As noted, Walmarts are often located within short driving distances of major arteries, like I-75 and I-95 in FL. Many are open 24/7, all have public bathrooms and some either a McDonalds or Subway inside. They are always well-lit with good security day and night, and almost always will have plenty of available space for multiple SC installation. Unlike shopping malls, most people don't spend hours shopping at Wal-Marts, thus helping to minimize SC wait times. Shopping malls tend to take much longer. Although I realize some owners routinely avoid Wal-Marts, who among us couldn't find something to do in there (or at one of the nearby stores or restaurants for 30 minutes on a long-distance trip? I too believe superchargers should usually be placed between major cities as range extenders and should not be relied upon for day-to-day charging.

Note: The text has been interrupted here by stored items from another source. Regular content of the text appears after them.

lemma prob_count_events_gt:
  fixes M :: "'a pmf" and E :: "'b \<Rightarrow> 'a set"
  assumes "finite B" "c > 0" "0 \<le> \<rho>" "\<And>r. r \<in> B \<Longrightarrow> measure_pmf.prob M (E r) \<le> \<rho>"
  shows "measure_pmf.prob M {x. c * real (card B) < real (card {r \<in> B. x \<in> E r})} \<le> \<rho> / c"
proof (cases "B = {}")
  case True
  then show ?thesis
    using assms(2,3) by simp
next
  case False
  define X where "X = (\<lambda>x. \<Sum>r\<in>B. indicator (E r) x :: real)"
  define t where "t = c * real (card B)"
  have "t > 0"
    using False assms(1,2) by (simp add: t_def card_gt_0_iff)
  have count: "real (card {r \<in> B. x \<in> E r}) = X x" for x
    using assms(1) by (simp add: X_def indicator_def sum.If_cases Int_def)
  have integrable: "integrable M X"
    unfolding X_def
    by (intro Bochner_Integration.integrable_sum integrable_real_indicator)
       (auto simp: measure_pmf.emeasure_eq_measure)
  have "measure_pmf.expectation M X = (\<Sum>r\<in>B. measure_pmf.prob M (E r))"
    unfolding X_def
    by (subst Bochner_Integration.integral_sum)
       (auto intro!: integrable_real_indicator simp: measure_pmf.emeasure_eq_measure)
  also have "\<dots> \<le> real (card B) * \<rho>"
    using sum_mono[of B _ "\<lambda>_. \<rho>"] assms(4) by simp
  finally have expectation: "measure_pmf.expectation M X \<le> real (card B) * \<rho>" .
  have "measure_pmf.prob M {x. t < X x} \<le> measure_pmf.prob M {x \<in> space M. t \<le> X x}"
    by (intro measure_pmf.finite_measure_mono) auto
  also have "\<dots> \<le> measure_pmf.expectation M X / t"
    using \<open>t > 0\<close> by (intro integral_Markov_inequality_measure[OF integrable]) (auto simp: X_def sum_nonneg)
  also have "\<dots> \<le> \<rho> / c"
    using expectation \<open>t > 0\<close> False assms(1,2)
    by (simp add: t_def divide_right_mono field_simps card_gt_0_iff)
  finally show ?thesis
    by (simp add: count t_def)
qed

lemma failure_bound_le:
  fixes \<epsilon> \<delta> w :: real and d :: nat
  assumes "\<epsilon> > 0" "\<delta> > 0" "exp 1 < w * \<epsilon>" "ln (1 / \<delta>) \<le> d"
  shows "(1 / w) ^ d / \<epsilon> ^ d \<le> \<delta>"
proof -
  have "0 < w * \<epsilon>"
    using assms(3) exp_gt_zero[of 1] by linarith
  have "(1 / w) ^ d / \<epsilon> ^ d = (1 / (w * \<epsilon>)) ^ d"
    by (simp add: power_divide power_mult_distrib)
  also have "\<dots> \<le> (1 / exp 1) ^ d"
    using assms(3) \<open>0 < w * \<epsilon>\<close> by (intro power_mono frac_le) auto
  also have "\<dots> = exp (- real d)"
    by (simp add: exp_minus exp_of_nat_mult[symmetric] inverse_eq_divide power_one_over)
  also have "\<dots> \<le> exp (ln \<delta>)"
    using assms(2,4) by (intro exp_mono) (simp add: ln_div)
  also have "\<dots> = \<delta>"
    using assms(2) by simp
  finally show ?thesis .
qed

theorem lemma3p2:
  fixes \<epsilon> \<delta> :: real and p N :: nat
    and D :: "nat \<Rightarrow> 'v set" and H :: "nat \<Rightarrow> ('v \<Rightarrow> nat) set"
    and rs :: "('id \<times> (nat \<Rightarrow> 'v)) list" and q :: "nat \<Rightarrow> 'v"
  defines "d \<equiv> nat \<lceil>ln (1 / \<delta>)\<rceil>"
    and "w \<equiv> 1 + nat \<lceil>exp 1 / \<epsilon>\<rceil>"
  assumes "\<epsilon> > 0" and "0 < \<delta>" and "\<delta> < 1"
    and "p \<ge> 1"
    and "\<And>i. i \<in> {1..p} \<Longrightarrow> pairwise_indep_family (H i) (D i) w"
    and "length rs = N" and "distinct (map fst rs)"
    and "\<And>r i. r \<in> set rs \<Longrightarrow> i \<in> {1..p} \<Longrightarrow> snd r i \<in> D i"
    and "\<And>i. i \<in> {1..p} \<Longrightarrow> q i \<in> D i"
  shows "measure_pmf.prob
           (Pi_pmf ({1..p} \<times> {1..d}) (\<lambda>_. 0) (\<lambda>(i, j). pmf_of_set (H i)))
           {h. \<bar>real (cm_estimate p d h rs q) - real (freq p rs q)\<bar>
                  \<le> \<epsilon> ^ d * (real N - real (freq p rs q))
               \<and> \<epsilon> ^ d * (real N - real (freq p rs q)) \<le> \<epsilon> ^ d * real N}
         \<ge> 1 - \<delta>"
proof -
  let ?M = "Pi_pmf ({1..p} \<times> {1..d}) (\<lambda>_. 0) (\<lambda>(i, j). pmf_of_set (H i))"
  define mism where "mism = {r \<in> set rs. \<exists>i\<in>{1..p}. snd r i \<noteq> q i}"
  define bad where "bad = {h. \<epsilon> ^ d * real (card mism) <
    real (card {r \<in> mism. h \<in> {h. collides p d h q r}})}"
  have "ln (1 / \<delta>) > 0"
    using assms(4,5) by simp
  then have "d \<ge> 1" and "ln (1 / \<delta>) \<le> real d"
    unfolding d_def by linarith+
  have "real w \<ge> 1 + exp 1 / \<epsilon>"
    unfolding w_def by linarith
  then have "exp 1 < real w * \<epsilon>"
    using assms(3) by (simp add: field_simps)
  have error: "real (cm_estimate p d h rs q) - real (freq p rs q) =
      real (card {r \<in> mism. h \<in> {h. collides p d h q r}})" for h
    using cm_estimate_minus_freq[OF assms(6) \<open>d \<ge> 1\<close> assms(9)]
    by (simp add: mism_def conj_assoc)
  have mism_count: "real N - real (freq p rs q) = real (card mism)"
    using freq_plus_card_mismatches[of rs p q] assms(8,9)
    by (simp add: mism_def distinct_map)
  have "\<epsilon> ^ d * (real N - real (freq p rs q)) \<le> \<epsilon> ^ d * real N"
    using assms(3) by (intro mult_left_mono) auto
  then have "UNIV - bad \<subseteq> {h. \<bar>real (cm_estimate p d h rs q) - real (freq p rs q)\<bar>
                  \<le> \<epsilon> ^ d * (real N - real (freq p rs q))
               \<and> \<epsilon> ^ d * (real N - real (freq p rs q)) \<le> \<epsilon> ^ d * real N}"
    (is "_ \<subseteq> ?good")
    by (auto simp: bad_def error mism_count not_less)
  then have "1 - measure_pmf.prob ?M bad \<le> measure_pmf.prob ?M ?good"
    using measure_pmf.finite_measure_mono[of "UNIV - bad" ?good ?M]
      measure_pmf.prob_compl[of bad ?M] by simp
  moreover have "measure_pmf.prob ?M bad \<le> (1 / real w) ^ d / \<epsilon> ^ d"
    unfolding bad_def
  proof (rule prob_count_events_gt)
    fix r assume "r \<in> mism"
    then obtain i where "i \<in> {1..p}" "snd r i \<noteq> q i" "r \<in> set rs"
      by (auto simp: mism_def)
    then show "measure_pmf.prob ?M {h. collides p d h q r} \<le> (1 / real w) ^ d"
      using assms(7,10,11) by (intro prob_collides_le[where D = D]) auto
  qed (use assms(3) in \<open>auto simp: mism_def\<close>)
  moreover have "(1 / real w) ^ d / \<epsilon> ^ d \<le> \<delta>"
    using \<open>exp 1 < real w * \<epsilon>\<close> \<open>ln (1 / \<delta>) \<le> real d\<close> assms(3,4)
    by (intro failure_bound_le) auto
  ultimately show ?thesis
    by linarith
qed

end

MIke Duke, CEO of Walmart, says his goal for Walmart is to use 100% alternative energy sources, resulting in $1 Billion in energy savings. I'd like to see Solar City further that goal and see TM customers enjoy a spinoff benefit.

noel.smyth | 15 mai 2013

nothing against walmart, its just not where I want to spend 40 minutes when traveling, a nice chain restaurant would be better, IMHO.

Kleist | 15 mai 2013

When I am traveling I do not want to be chained to any chain - I need variation. No chain restaurant please !

Amped | 15 mai 2013

All Walmart cares about is cheap product from overseas.

Robert22 | 15 mai 2013

Relax folks, it's not going to be all or nothing. If you can't stand smiling at a greeter and saving money, keep driving to the next charger at the X Factory Outlet or Y highway rest area. The synergies between the two companies are obvious. The simple fact remains that if every company committed funds proportionally to as many initiatives as Walmart does, the world would be considerably better off. A small sampling:

http://www.marketing-interactive.com/news/39650

Kleist | 15 mai 2013

@Amped - not only Walmart... everybody is doing it only because of the US tax policy.
Here is how it is done: produce a high value part in the US and send it at cost to foreign assembly. Profit you realize in the foreign country - that country give you special tax treatment and the US doesn't tax you. When foreign country says you tax deal is expired you pack your factory and move it to another country ( I moved the same factory from the US into country A, then B and then C every time the special foreign tax treatment expired ).
The strange thing about the US tax code is that as an individual if you make $100 in interest oversees then it is fully US taxed ( only country in the world ) and you can only deduct the foreign taxes paid.
Cheap labor may play a role in clothing etc, but not in high tech factories. None of the factories overseas I was involved in made ever a product at lower cost then in the US... worst case was China production cost almost doubled, however the tax advantage is huge compared to production cost.